*GOAL OF THE EXERCISE*
Copy the data exactly. No line may be skipped.

[Opening INFORMATION PROVIDED section]

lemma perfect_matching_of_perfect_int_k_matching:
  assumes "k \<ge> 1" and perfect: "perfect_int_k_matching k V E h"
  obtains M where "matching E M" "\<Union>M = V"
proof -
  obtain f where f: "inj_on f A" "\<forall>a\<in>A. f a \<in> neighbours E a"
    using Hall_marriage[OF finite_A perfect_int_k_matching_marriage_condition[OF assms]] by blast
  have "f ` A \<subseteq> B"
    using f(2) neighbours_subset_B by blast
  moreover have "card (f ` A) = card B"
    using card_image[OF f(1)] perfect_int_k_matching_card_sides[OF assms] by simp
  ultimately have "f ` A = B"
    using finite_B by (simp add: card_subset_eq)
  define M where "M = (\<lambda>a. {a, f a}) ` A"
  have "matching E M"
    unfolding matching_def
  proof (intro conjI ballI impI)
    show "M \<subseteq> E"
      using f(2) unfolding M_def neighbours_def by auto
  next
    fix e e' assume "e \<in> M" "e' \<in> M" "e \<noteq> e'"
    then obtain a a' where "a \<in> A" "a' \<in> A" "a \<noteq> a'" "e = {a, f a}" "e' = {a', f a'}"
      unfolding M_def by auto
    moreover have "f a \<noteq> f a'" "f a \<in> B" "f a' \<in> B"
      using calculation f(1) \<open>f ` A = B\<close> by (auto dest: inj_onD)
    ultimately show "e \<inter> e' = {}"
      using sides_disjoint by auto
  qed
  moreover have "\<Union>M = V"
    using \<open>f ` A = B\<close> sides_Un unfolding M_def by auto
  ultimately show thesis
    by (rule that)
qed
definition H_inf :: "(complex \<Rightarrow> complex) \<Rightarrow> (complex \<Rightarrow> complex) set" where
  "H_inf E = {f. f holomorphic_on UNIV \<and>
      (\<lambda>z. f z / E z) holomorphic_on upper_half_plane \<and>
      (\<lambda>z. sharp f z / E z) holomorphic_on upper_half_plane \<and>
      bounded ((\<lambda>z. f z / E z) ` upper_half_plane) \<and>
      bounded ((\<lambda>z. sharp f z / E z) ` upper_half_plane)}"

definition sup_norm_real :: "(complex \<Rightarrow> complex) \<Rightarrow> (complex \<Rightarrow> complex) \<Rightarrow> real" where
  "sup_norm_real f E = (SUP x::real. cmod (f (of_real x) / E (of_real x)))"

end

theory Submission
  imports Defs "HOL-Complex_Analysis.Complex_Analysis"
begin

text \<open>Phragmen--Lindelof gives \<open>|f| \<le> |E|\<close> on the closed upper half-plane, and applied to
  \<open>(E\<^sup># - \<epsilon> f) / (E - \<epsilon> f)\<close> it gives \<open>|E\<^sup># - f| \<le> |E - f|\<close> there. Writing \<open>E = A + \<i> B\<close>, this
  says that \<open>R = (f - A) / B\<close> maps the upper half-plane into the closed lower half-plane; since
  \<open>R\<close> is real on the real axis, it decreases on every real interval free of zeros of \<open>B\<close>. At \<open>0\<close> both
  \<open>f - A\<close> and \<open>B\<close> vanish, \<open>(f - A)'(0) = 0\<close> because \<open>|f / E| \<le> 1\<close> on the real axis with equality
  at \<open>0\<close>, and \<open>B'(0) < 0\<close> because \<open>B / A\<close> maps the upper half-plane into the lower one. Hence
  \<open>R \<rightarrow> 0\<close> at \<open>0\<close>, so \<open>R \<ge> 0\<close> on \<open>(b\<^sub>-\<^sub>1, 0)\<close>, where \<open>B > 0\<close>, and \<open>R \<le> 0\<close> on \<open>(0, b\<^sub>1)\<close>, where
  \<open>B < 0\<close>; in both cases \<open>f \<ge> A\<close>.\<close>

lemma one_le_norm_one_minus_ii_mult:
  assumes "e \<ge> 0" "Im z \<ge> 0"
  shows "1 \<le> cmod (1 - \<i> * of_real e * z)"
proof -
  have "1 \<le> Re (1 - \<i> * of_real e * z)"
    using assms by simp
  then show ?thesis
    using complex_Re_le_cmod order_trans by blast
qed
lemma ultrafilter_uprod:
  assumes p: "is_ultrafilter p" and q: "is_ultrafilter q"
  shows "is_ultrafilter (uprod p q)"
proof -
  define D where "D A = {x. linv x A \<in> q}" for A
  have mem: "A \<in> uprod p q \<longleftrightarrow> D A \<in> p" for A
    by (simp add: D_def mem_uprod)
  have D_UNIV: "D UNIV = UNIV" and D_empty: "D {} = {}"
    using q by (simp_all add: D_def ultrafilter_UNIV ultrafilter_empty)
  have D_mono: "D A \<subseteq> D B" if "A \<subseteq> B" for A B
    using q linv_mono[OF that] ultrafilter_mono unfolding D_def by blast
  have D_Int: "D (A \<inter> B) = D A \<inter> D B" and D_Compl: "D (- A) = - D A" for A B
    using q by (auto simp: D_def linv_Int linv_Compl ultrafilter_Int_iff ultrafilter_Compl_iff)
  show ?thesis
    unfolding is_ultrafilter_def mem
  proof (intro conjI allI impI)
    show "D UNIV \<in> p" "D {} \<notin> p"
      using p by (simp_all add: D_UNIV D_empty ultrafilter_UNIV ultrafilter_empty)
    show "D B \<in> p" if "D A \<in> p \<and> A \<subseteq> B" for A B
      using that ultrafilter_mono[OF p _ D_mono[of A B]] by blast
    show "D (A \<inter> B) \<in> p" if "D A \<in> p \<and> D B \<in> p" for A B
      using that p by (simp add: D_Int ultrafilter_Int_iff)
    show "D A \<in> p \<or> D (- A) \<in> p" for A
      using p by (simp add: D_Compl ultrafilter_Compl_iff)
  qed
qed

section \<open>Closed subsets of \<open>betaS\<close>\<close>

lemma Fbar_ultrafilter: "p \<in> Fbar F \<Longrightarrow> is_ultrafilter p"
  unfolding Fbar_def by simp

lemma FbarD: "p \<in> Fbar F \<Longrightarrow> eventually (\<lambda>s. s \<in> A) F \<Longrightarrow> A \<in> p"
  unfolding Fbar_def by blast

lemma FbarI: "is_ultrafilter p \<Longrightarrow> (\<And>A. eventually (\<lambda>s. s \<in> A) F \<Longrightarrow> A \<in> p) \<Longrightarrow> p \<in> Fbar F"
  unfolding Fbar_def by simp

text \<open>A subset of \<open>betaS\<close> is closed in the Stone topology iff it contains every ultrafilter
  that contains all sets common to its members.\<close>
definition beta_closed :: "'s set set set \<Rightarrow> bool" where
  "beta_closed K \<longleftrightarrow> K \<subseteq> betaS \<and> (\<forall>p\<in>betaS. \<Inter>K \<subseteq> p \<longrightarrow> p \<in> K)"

[Closing INFORMATION PROVIDED section]

*OUTPUT OF THE TASK*
lemma perfect_matching_of_perfect_int_k_matching:
  assumes "k \<ge> 1" and perfect: "perfect_int_k_matching k V E h"
  obtains M where "matching E M" "\<Union>M = V"
proof -
  obtain f where f: "inj_on f A" "\<forall>a\<in>A. f a \<in> neighbours E a"
    using Hall_marriage[OF finite_A perfect_int_k_matching_marriage_condition[OF assms]] by blast
  have "f ` A \<subseteq> B"
    using f(2) neighbours_subset_B by blast
  moreover have "card (f ` A) = card B"
    using card_image[OF f(1)] perfect_int_k_matching_card_sides[OF assms] by simp
  ultimately have "f ` A = B"
    using finite_B by (simp add: card_subset_eq)
  define M where "M = (\<lambda>a. {a, f a}) ` A"
  have "matching E M"
    unfolding matching_def
  proof (intro conjI ballI impI)
    show "M \<subseteq> E"
      using f(2) unfolding M_def neighbours_def by auto
  next
    fix e e' assume "e \<in> M" "e' \<in> M" "e \<noteq> e'"
    then obtain a a' where "a \<in> A" "a' \<in> A" "a \<noteq> a'" "e = {a, f a}" "e' = {a', f a'}"
      unfolding M_def by auto
    moreover have "f a \<noteq> f a'" "f a \<in> B" "f a' \<in> B"
      using calculation f(1) \<open>f ` A = B\<close> by (auto dest: inj_onD)
    ultimately show "e \<inter> e' = {}"
      using sides_disjoint by auto
  qed
  moreover have "\<Union>M = V"
    using \<open>f ` A = B\<close> sides_Un unfolding M_def by auto
  ultimately show thesis
    by (rule that)
qed
definition H_inf :: "(complex \<Rightarrow> complex) \<Rightarrow> (complex \<Rightarrow> complex) set" where
  "H_inf E = {f. f holomorphic_on UNIV \<and>
      (\<lambda>z. f z / E z) holomorphic_on upper_half_plane \<and>
      (\<lambda>z. sharp f z / E z) holomorphic_on upper_half_plane \<and>
      bounded ((\<lambda>z. f z / E z) ` upper_half_plane) \<and>
      bounded ((\<lambda>z. sharp f z / E z) ` upper_half_plane)}"

definition sup_norm_real :: "(complex \<Rightarrow> complex) \<Rightarrow> (complex \<Rightarrow> complex) \<Rightarrow> real" where
  "sup_norm_real f E = (SUP x::real. cmod (f (of_real x) / E (of_real x)))"

end

theory Submission
  imports Defs "HOL-Complex_Analysis.Complex_Analysis"
begin

text \<open>Phragmen--Lindelof gives \<open>|f| \<le> |E|\<close> on the closed upper half-plane, and applied to
  \<open>(E\<^sup># - \<epsilon> f) / (E - \<epsilon> f)\<close> it gives \<open>|E\<^sup># - f| \<le> |E - f|\<close> there. Writing \<open>E = A + \<i> B\<close>, this
  says that \<open>R = (f - A) / B\<close> maps the upper half-plane into the closed lower half-plane; since
  \<open>R\<close> is real on the real axis, it decreases on every real interval free of zeros of \<open>B\<close>. At \<open>0\<close> both
  \<open>f - A\<close> and \<open>B\<close> vanish, \<open>(f - A)'(0) = 0\<close> because \<open>|f / E| \<le> 1\<close> on the real axis with equality
  at \<open>0\<close>, and \<open>B'(0) < 0\<close> because \<open>B / A\<close> maps the upper half-plane into the lower one. Hence
  \<open>R \<rightarrow> 0\<close> at \<open>0\<close>, so \<open>R \<ge> 0\<close> on \<open>(b\<^sub>-\<^sub>1, 0)\<close>, where \<open>B > 0\<close>, and \<open>R \<le> 0\<close> on \<open>(0, b\<^sub>1)\<close>, where
  \<open>B < 0\<close>; in both cases \<open>f \<ge> A\<close>.\<close>

lemma one_le_norm_one_minus_ii_mult:
  assumes "e \<ge> 0" "Im z \<ge> 0"
  shows "1 \<le> cmod (1 - \<i> * of_real e * z)"
proof -
  have "1 \<le> Re (1 - \<i> * of_real e * z)"
    using assms by simp
  then show ?thesis
    using complex_Re_le_cmod order_trans by blast
qed
lemma ultrafilter_uprod:
  assumes p: "is_ultrafilter p" and q: "is_ultrafilter q"
  shows "is_ultrafilter (uprod p q)"
proof -
  define D where "D A = {x. linv x A \<in> q}" for A
  have mem: "A \<in> uprod p q \<longleftrightarrow> D A \<in> p" for A
    by (simp add: D_def mem_uprod)
  have D_UNIV: "D UNIV = UNIV" and D_empty: "D {} = {}"
    using q by (simp_all add: D_def ultrafilter_UNIV ultrafilter_empty)
  have D_mono: "D A \<subseteq> D B" if "A \<subseteq> B" for A B
    using q linv_mono[OF that] ultrafilter_mono unfolding D_def by blast
  have D_Int: "D (A \<inter> B) = D A \<inter> D B" and D_Compl: "D (- A) = - D A" for A B
    using q by (auto simp: D_def linv_Int linv_Compl ultrafilter_Int_iff ultrafilter_Compl_iff)
  show ?thesis
    unfolding is_ultrafilter_def mem
  proof (intro conjI allI impI)
    show "D UNIV \<in> p" "D {} \<notin> p"
      using p by (simp_all add: D_UNIV D_empty ultrafilter_UNIV ultrafilter_empty)
    show "D B \<in> p" if "D A \<in> p \<and> A \<subseteq> B" for A B
      using that ultrafilter_mono[OF p _ D_mono[of A B]] by blast
    show "D (A \<inter> B) \<in> p" if "D A \<in> p \<and> D B \<in> p" for A B
      using that p by (simp add: D_Int ultrafilter_Int_iff)
    show "D A \<in> p \<or> D (- A) \<in> p" for A
      using p by (simp add: D_Compl ultrafilter_Compl_iff)
  qed
qed

section \<open>Closed subsets of \<open>betaS\<close>\<close>

lemma Fbar_ultrafilter: "p \<in> Fbar F \<Longrightarrow> is_ultrafilter p"
  unfolding Fbar_def by simp

lemma FbarD: "p \<in> Fbar F \<Longrightarrow> eventually (\<lambda>s. s \<in> A) F \<Longrightarrow> A \<in> p"
  unfolding Fbar_def by blast

lemma FbarI: "is_ultrafilter p \<Longrightarrow> (\<And>A. eventually (\<lambda>s. s \<in> A) F \<Longrightarrow> A \<in> p) \<Longrightarrow> p \<in> Fbar F"
  unfolding Fbar_def by simp

text \<open>A subset of \<open>betaS\<close> is closed in the Stone topology iff it contains every ultrafilter
  that contains all sets common to its members.\<close>
definition beta_closed :: "'s set set set \<Rightarrow> bool" where
  "beta_closed K \<longleftrightarrow> K \<subseteq> betaS \<and> (\<forall>p\<in>betaS. \<Inter>K \<subseteq> p \<longrightarrow> p \<in> K)"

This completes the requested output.